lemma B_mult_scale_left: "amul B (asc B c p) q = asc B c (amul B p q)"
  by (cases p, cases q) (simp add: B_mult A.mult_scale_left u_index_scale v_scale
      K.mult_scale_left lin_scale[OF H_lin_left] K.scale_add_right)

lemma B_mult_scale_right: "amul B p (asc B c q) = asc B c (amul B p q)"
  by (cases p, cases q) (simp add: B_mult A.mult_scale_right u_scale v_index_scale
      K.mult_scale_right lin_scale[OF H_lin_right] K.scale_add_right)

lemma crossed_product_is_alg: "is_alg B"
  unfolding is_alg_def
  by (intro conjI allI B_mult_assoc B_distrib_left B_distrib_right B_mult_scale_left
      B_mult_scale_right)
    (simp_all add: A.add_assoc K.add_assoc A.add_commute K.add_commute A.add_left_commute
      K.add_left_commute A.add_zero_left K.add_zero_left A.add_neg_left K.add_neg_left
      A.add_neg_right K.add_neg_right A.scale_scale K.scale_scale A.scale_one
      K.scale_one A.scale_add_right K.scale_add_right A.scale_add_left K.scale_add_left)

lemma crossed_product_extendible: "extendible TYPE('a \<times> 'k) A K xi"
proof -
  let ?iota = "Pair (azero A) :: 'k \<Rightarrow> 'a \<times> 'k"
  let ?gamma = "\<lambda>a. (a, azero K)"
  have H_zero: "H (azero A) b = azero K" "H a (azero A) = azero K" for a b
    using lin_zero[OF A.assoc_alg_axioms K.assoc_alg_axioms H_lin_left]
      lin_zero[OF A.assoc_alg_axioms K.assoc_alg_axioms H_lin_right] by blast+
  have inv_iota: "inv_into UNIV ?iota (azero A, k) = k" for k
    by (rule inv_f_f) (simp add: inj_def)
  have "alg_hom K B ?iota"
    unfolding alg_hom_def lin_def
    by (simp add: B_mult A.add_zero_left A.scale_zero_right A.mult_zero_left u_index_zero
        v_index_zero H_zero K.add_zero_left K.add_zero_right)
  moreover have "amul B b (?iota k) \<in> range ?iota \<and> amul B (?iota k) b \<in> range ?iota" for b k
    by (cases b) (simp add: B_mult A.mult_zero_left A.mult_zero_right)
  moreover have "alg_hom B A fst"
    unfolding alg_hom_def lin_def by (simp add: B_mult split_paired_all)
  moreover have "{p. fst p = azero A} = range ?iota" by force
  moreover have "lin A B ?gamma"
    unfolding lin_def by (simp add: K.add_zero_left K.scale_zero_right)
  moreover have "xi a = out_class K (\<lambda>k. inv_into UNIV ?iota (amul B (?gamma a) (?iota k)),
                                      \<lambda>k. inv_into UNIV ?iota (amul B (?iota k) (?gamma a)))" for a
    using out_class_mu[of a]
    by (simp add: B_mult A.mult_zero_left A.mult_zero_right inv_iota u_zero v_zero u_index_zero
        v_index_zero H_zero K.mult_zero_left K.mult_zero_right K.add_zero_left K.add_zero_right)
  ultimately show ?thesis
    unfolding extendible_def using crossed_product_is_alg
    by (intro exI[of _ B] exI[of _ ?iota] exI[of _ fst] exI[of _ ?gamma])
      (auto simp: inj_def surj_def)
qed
--*--
§ **Your assignment**
Starting at the top of the listing above, repeat every line exactly until the line that contains "(azero A) :: 'k" has been repeated too.

§ **Reply**
lemma B_mult_scale_left: "amul B (asc B c p) q = asc B c (amul B p q)"
  by (cases p, cases q) (simp add: B_mult A.mult_scale_left u_index_scale v_scale
      K.mult_scale_left lin_scale[OF H_lin_left] K.scale_add_right)

lemma B_mult_scale_right: "amul B p (asc B c q) = asc B c (amul B p q)"
  by (cases p, cases q) (simp add: B_mult A.mult_scale_right u_scale v_index_scale
      K.mult_scale_right lin_scale[OF H_lin_right] K.scale_add_right)

lemma crossed_product_is_alg: "is_alg B"
  unfolding is_alg_def
  by (intro conjI allI B_mult_assoc B_distrib_left B_distrib_right B_mult_scale_left
      B_mult_scale_right)
    (simp_all add: A.add_assoc K.add_assoc A.add_commute K.add_commute A.add_left_commute
      K.add_left_commute A.add_zero_left K.add_zero_left A.add_neg_left K.add_neg_left
      A.add_neg_right K.add_neg_right A.scale_scale K.scale_scale A.scale_one
      K.scale_one A.scale_add_right K.scale_add_right A.scale_add_left K.scale_add_left)

lemma crossed_product_extendible: "extendible TYPE('a \<times> 'k) A K xi"
proof -
  let ?iota = "Pair (azero A) :: 'k \<Rightarrow> 'a \<times> 'k"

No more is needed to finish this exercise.